# Taking a dog afeild while in heat?



## cut'em (Oct 23, 2004)

Here in NY the goose season ends in a week the problem I have is my dog is really coming together now she's doing great but she just went into heat two days ago. I'm going out in the am but leaving her home, she seen me load the truck and knows tomarrows a hunt but she's in the bleeding stage of her heat, can I take her or should I leave her home? These are the last two days I can go out and I feel bad leaving her home.


----------



## nickle ditch (Aug 26, 2002)

Take her. I have two female labs and hunt them both during their heat. What i notice is perhaps a little less endurance and little more pig headed. But each heat cycle is different, some worse then others.


----------



## cedarsedge (Sep 21, 2006)

I would also take her along with, just make sure there isn't a male around. 

Dan


----------



## gonehuntin' (Jul 27, 2006)

It'll have no effect on HER at all. You may find males around your area you never knew existed. Sometimes they get a little "squirrely"; they may not sit to your whistles, etc.


----------



## fargodawg (Sep 20, 2005)

cut'em......
I always make sure to pay extra attention to my dog when she is in heat, be extra careful what I say around her...... leave money laying for her to find..... bring flowers...... just in case she works and remembers like the wife.

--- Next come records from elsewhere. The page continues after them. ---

(* Let $\kappa>0$ and $\mathcal{L}f=\frac{\kappa}{2}f''$. Let $\sigma:\mathbf{R}\to\mathbf{R}$ be Lipschitz with Lipschitz constant $\mathrm{Lip}_\sigma$, $\sigma(0)=0$, and $\inf_x|\sigma(x)/x|>0$. Let $u_0:\mathbf{R}\to\mathbf{R}_+$ be bounded and let $u$ be the mild solution of $\partial_tu_t(x)=\frac{\kappa}{2}\partial_x^2u_t(x)+\sigma(u_t(x))\,\partial^2_{tx}W(t,x)$ with initial datum $u_0$. If $\sup_{x\in\mathbf{R}}|e^{cx/2}u_0(x)|<\infty$ for some $c\in\mathbf{R}$, then for every $$\beta>\frac{\kappa c^2}{4}+\frac{\mathrm{Lip}_\sigma^4}{4\kappa}$$ there exists a finite constant $A_\beta$ such that $\mathrm{E}(|u_t(x)|^2)\le A_\beta\exp(\beta t-cx)$ uniformly for all $t\ge0$ and $x\in\mathbf{R}$.
   Context: $W$ is a two-parameter Brownian sheet. The mild solution is the predictable random field $u$ with $u_t(x)=(P_tu_0)(x)+\int_{[0,t]\times\mathbf{R}}p_{t-s}(y-x)\sigma(u_s(y))\,W(ds\,dy)$, where $p_t(x)=(2\pi\kappa t)^{-1/2}e^{-x^2/(2\kappa t)}$ and $(P_tf)(x)=\int p_t(y-x)f(y)\,dy$. *)

theory Defs
  imports "HOL-Probability.Probability"
begin

definition heat_kernel :: "real \<Rightarrow> real \<Rightarrow> real \<Rightarrow> real" where
  "heat_kernel \<kappa> t x = exp (- (x^2) / (2 * \<kappa> * t)) / sqrt (2 * pi * \<kappa> * t)"

definition heat_sg :: "real \<Rightarrow> real \<Rightarrow> (real \<Rightarrow> real) \<Rightarrow> real \<Rightarrow> real" where
  "heat_sg \<kappa> t f x = (if t = 0 then f x else (LINT y|lborel. heat_kernel \<kappa> t (y - x) * f y))"

definition rect_incr :: "(real \<Rightarrow> real \<Rightarrow> 'a \<Rightarrow> real) \<Rightarrow> real \<Rightarrow> real \<Rightarrow> real \<Rightarrow> real \<Rightarrow> 'a \<Rightarrow> real" where
  "rect_incr W a b x y \<omega> = W b y \<omega> - W b x \<omega> - W a y \<omega> + W a x \<omega>"

definition filtration_on :: "'a measure \<Rightarrow> (real \<Rightarrow> 'a set set) \<Rightarrow> bool" where
  "filtration_on M F \<longleftrightarrow>
     (\<forall>t. sigma_algebra (space M) (F t) \<and> F t \<subseteq> sets M) \<and> (\<forall>s t. s \<le> t \<longrightarrow> F s \<subseteq> F t)"

text \<open>Two-parameter Brownian sheet W(t,x), t \<ge> 0, x real, with respect to the filtration F:
  adapted, vanishing on the axes, and for 0 \<le> a < b the increments over disjoint rectangles
  (a,b] x (x_i, x_(i+1)] are independent of each other and of F a, and centred normal with
  variance (b-a)(x_(i+1)-x_i).\<close>

definition brownian_sheet :: "'a measure \<Rightarrow> (real \<Rightarrow> 'a set set) \<Rightarrow> (real \<Rightarrow> real \<Rightarrow> 'a \<Rightarrow> real) \<Rightarrow> bool" where
  "brownian_sheet M F W \<longleftrightarrow>
     prob_space M \<and> filtration_on M F \<and>
     (\<forall>x \<omega>. W 0 x \<omega> = 0) \<and> (\<forall>t \<omega>. W t 0 \<omega> = 0) \<and>
     (\<forall>t x. 0 \<le> t \<longrightarrow> (\<forall>B\<in>sets borel. W t x -` B \<inter> space M \<in> F t)) \<and>
     (\<forall>a b (xs :: real list). 0 \<le> a \<longrightarrow> a < b \<longrightarrow> sorted_wrt (<) xs \<longrightarrow>
        prob_space.indep_sets M
          (\<lambda>j. case j of None \<Rightarrow> F a
                | Some i \<Rightarrow> {rect_incr W a b (xs!i) (xs!Suc i) -` B \<inter> space M | B. B \<in> sets borel})
          (insert None (Some ` {..<length xs - 1})) \<and>
        (\<forall>i < length xs - 1. distributed M lborel (rect_incr W a b (xs!i) (xs!Suc i))
             (normal_density 0 (sqrt ((b - a) * (xs!Suc i - xs!i))))))"

definition predictable :: "'a measure \<Rightarrow> (real \<Rightarrow> 'a set set) \<Rightarrow> (real \<times> real \<times> 'a) measure" where
  "predictable M F = sigma (UNIV \<times> UNIV \<times> space M)
     ({{(s, y, \<omega>). a < s \<and> s \<le> b \<and> y \<in> B \<and> \<omega> \<in> G} | a b B G. 0 \<le> a \<and> B \<in> sets borel \<and> G \<in> F a}
      \<union> {{(s, y, \<omega>). s = 0 \<and> y \<in> B \<and> \<omega> \<in> G} | B G. B \<in> sets borel \<and> G \<in> F 0})"

definition simple_pred :: "'a measure \<Rightarrow> (real \<Rightarrow> 'a set set) \<Rightarrow> nat \<Rightarrow> (nat \<Rightarrow> 'a \<Rightarrow> real)
    \<Rightarrow> (nat \<Rightarrow> real) \<Rightarrow> (nat \<Rightarrow> real) \<Rightarrow> (nat \<Rightarrow> real) \<Rightarrow> (nat \<Rightarrow> real) \<Rightarrow> bool" where
  "simple_pred M F n X a b x y \<longleftrightarrow>
     (\<forall>k<n. 0 \<le> a k \<and> a k < b k \<and> x k < y k \<and> (\<exists>C. \<forall>\<omega>\<in>space M. \<bar>X k \<omega>\<bar> \<le> C) \<and>
            (\<forall>B\<in>sets borel. X k -` B \<inter> space M \<in> F (a k)))"

definition simple_fun_st :: "nat \<Rightarrow> (nat \<Rightarrow> 'a \<Rightarrow> real)
    \<Rightarrow> (nat \<Rightarrow> real) \<Rightarrow> (nat \<Rightarrow> real) \<Rightarrow> (nat \<Rightarrow> real) \<Rightarrow> (nat \<Rightarrow> real) \<Rightarrow> real \<Rightarrow> real \<Rightarrow> 'a \<Rightarrow> real" where
  "simple_fun_st n X a b x y s z \<omega> =
     (\<Sum>k<n. X k \<omega> * indicator {a k<..b k} s * indicator {x k<..y k} z)"

definition simple_int :: "(real \<Rightarrow> real \<Rightarrow> 'a \<Rightarrow> real) \<Rightarrow> nat \<Rightarrow> (nat \<Rightarrow> 'a \<Rightarrow> real)
    \<Rightarrow> (nat \<Rightarrow> real) \<Rightarrow> (nat \<Rightarrow> real) \<Rightarrow> (nat \<Rightarrow> real) \<Rightarrow> (nat \<Rightarrow> real) \<Rightarrow> 'a \<Rightarrow> real" where
  "simple_int W n X a b x y \<omega> = (\<Sum>k<n. X k \<omega> * rect_incr W (a k) (b k) (x k) (y k) \<omega>)"

definition stoch_int :: "'a measure \<Rightarrow> (real \<Rightarrow> 'a set set) \<Rightarrow> (real \<Rightarrow> real \<Rightarrow> 'a \<Rightarrow> real)
    \<Rightarrow> (real \<Rightarrow> real \<Rightarrow> 'a \<Rightarrow> real) \<Rightarrow> ('a \<Rightarrow> real) \<Rightarrow> bool" where
  "stoch_int M F W f I \<longleftrightarrow> I \<in> borel_measurable M \<and>
     (\<exists>n X a b x y. (\<forall>m. simple_pred M F (n m) (X m) (a m) (b m) (x m) (y m)) \<and>
        ((\<lambda>m. \<integral>\<^sup>+\<omega>. \<integral>\<^sup>+s. \<integral>\<^sup>+z. ennreal ((simple_fun_st (n m) (X m) (a m) (b m) (x m) (y m) s z \<omega>
              - f s z \<omega>)^2) \<partial>lborel \<partial>lborel \<partial>M) \<longlonglongrightarrow> 0) \<and>
        ((\<lambda>m. \<integral>\<^sup>+\<omega>. ennreal ((simple_int W (n m) (X m) (a m) (b m) (x m) (y m) \<omega> - I \<omega>)^2) \<partial>M)
            \<longlonglongrightarrow> 0))"

definition mild_solution :: "'a measure \<Rightarrow> (real \<Rightarrow> 'a set set) \<Rightarrow> (real \<Rightarrow> real \<Rightarrow> 'a \<Rightarrow> real)
    \<Rightarrow> real \<Rightarrow> (real \<Rightarrow> real) \<Rightarrow> (real \<Rightarrow> real) \<Rightarrow> (real \<Rightarrow> real \<Rightarrow> 'a \<Rightarrow> real) \<Rightarrow> bool" where
  "mild_solution M F W \<kappa> \<sigma> u0 u \<longleftrightarrow>
     (\<lambda>(t, x, \<omega>). if 0 \<le> t then u t x \<omega> else 0) \<in> borel_measurable (predictable M F) \<and>
     (\<forall>T\<ge>0. \<exists>C::real. \<forall>t\<in>{0..T}. \<forall>x. (\<integral>\<^sup>+\<omega>. ennreal ((u t x \<omega>)^2) \<partial>M) \<le> ennreal C) \<and>
     (\<forall>t\<ge>0. \<forall>x. \<exists>I. stoch_int M F W
         (\<lambda>s y \<omega>. indicator {0..<t} s * heat_kernel \<kappa> (t - s) (y - x) * \<sigma> (u s y \<omega>)) I \<and>
       (AE \<omega> in M. u t x \<omega> = heat_sg \<kappa> t u0 x + I \<omega>))"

she will be fine, I take my girl affield when she is in heat, she may have a case of the stupid pills now and again, but fine otherwise

good luck :beer:


----------



## cut'em (Oct 23, 2004)

Just what I wanted to hear! She's on her way with me in the am. I'm scheduled for an operation on thursday (stupid biopsy) so I can't hunt the last 4 days of the season and therefore I want my dog with me.


----------



## Mac (Jul 9, 2006)

Yep...take her huntin....nothing wrong with that....I hunt my female during her cycle...no problems...except they stop and pee every 5 minutes.


----------



## nickle ditch (Aug 26, 2002)

Mac said:


> ...except they stop and pee every 5 minutes.


 No kiddin, i swear they're going to dehydrate. :lol:


----------